WHAT THIS TASK INVOLVES: Look through the data below and return each line where "conj" appears.
---- DATASET RECORDS
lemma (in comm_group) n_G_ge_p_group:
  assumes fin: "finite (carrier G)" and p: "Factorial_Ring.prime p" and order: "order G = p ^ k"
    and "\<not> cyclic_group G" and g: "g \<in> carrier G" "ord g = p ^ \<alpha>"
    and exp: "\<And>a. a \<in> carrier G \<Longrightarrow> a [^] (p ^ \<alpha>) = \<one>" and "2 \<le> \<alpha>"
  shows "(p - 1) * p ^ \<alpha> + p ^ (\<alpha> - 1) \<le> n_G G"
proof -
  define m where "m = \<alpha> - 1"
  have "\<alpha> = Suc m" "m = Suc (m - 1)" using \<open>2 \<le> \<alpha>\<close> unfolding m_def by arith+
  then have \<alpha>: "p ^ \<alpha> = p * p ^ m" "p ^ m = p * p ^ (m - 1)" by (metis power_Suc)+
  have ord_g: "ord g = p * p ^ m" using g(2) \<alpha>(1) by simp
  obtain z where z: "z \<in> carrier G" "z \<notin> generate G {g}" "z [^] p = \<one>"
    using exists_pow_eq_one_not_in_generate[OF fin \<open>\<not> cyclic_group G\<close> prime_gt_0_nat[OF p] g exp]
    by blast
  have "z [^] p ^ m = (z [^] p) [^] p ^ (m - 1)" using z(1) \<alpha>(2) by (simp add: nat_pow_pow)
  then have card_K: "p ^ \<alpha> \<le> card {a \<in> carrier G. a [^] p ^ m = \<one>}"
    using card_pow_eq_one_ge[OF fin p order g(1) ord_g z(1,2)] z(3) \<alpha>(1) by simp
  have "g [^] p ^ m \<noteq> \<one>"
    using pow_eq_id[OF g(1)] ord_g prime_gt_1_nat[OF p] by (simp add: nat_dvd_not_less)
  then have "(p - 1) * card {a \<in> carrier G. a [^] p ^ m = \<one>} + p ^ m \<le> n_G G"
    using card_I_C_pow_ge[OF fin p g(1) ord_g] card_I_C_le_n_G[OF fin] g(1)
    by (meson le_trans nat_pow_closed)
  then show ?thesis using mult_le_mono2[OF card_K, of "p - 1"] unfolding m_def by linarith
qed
--------
---- DATASET RECORDS
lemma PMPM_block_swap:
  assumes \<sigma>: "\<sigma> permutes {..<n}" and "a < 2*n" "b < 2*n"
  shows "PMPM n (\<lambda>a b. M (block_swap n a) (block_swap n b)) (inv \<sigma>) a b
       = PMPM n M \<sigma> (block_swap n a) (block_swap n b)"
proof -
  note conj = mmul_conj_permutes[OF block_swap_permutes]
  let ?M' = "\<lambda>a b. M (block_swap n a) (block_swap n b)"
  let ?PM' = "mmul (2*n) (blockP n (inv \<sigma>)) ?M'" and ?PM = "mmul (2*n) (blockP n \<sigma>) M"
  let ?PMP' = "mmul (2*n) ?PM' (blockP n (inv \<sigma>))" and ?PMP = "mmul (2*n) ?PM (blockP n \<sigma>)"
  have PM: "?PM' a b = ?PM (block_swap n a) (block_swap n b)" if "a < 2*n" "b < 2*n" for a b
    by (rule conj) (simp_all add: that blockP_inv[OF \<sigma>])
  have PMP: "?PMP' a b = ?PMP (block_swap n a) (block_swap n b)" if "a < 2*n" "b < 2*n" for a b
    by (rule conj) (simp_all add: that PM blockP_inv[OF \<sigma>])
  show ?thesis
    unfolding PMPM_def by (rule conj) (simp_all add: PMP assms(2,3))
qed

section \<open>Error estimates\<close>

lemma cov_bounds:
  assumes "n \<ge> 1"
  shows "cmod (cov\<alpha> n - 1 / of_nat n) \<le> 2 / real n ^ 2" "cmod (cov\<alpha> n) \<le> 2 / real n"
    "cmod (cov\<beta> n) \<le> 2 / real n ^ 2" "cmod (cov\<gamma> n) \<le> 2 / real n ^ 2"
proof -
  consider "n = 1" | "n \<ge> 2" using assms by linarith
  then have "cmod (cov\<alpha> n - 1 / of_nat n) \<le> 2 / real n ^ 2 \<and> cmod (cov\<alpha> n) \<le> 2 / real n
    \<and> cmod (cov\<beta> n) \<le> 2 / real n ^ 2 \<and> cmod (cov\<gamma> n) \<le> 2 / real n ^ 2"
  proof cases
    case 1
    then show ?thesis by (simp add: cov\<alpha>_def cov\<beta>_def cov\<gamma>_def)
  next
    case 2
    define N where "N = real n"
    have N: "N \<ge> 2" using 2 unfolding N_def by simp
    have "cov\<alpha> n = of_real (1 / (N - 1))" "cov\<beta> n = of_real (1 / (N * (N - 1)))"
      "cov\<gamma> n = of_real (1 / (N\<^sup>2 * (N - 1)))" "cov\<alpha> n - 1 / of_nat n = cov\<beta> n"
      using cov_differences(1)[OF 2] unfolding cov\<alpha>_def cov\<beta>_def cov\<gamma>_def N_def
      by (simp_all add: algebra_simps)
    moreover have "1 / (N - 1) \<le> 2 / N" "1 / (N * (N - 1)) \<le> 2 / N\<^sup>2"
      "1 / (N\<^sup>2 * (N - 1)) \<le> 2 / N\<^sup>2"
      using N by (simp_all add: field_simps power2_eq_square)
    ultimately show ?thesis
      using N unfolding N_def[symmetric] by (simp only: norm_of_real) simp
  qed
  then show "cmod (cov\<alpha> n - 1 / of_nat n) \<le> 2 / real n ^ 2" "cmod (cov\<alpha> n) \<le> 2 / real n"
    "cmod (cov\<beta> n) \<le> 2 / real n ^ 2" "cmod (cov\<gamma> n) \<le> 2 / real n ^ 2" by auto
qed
--------
ANSWER FOR THE TASK:
  note conj = mmul_conj_permutes[OF block_swap_permutes]
    by (rule conj) (simp_all add: that blockP_inv[OF \<sigma>])
    by (rule conj) (simp_all add: that PM blockP_inv[OF \<sigma>])
    unfolding PMPM_def by (rule conj) (simp_all add: PMP assms(2,3))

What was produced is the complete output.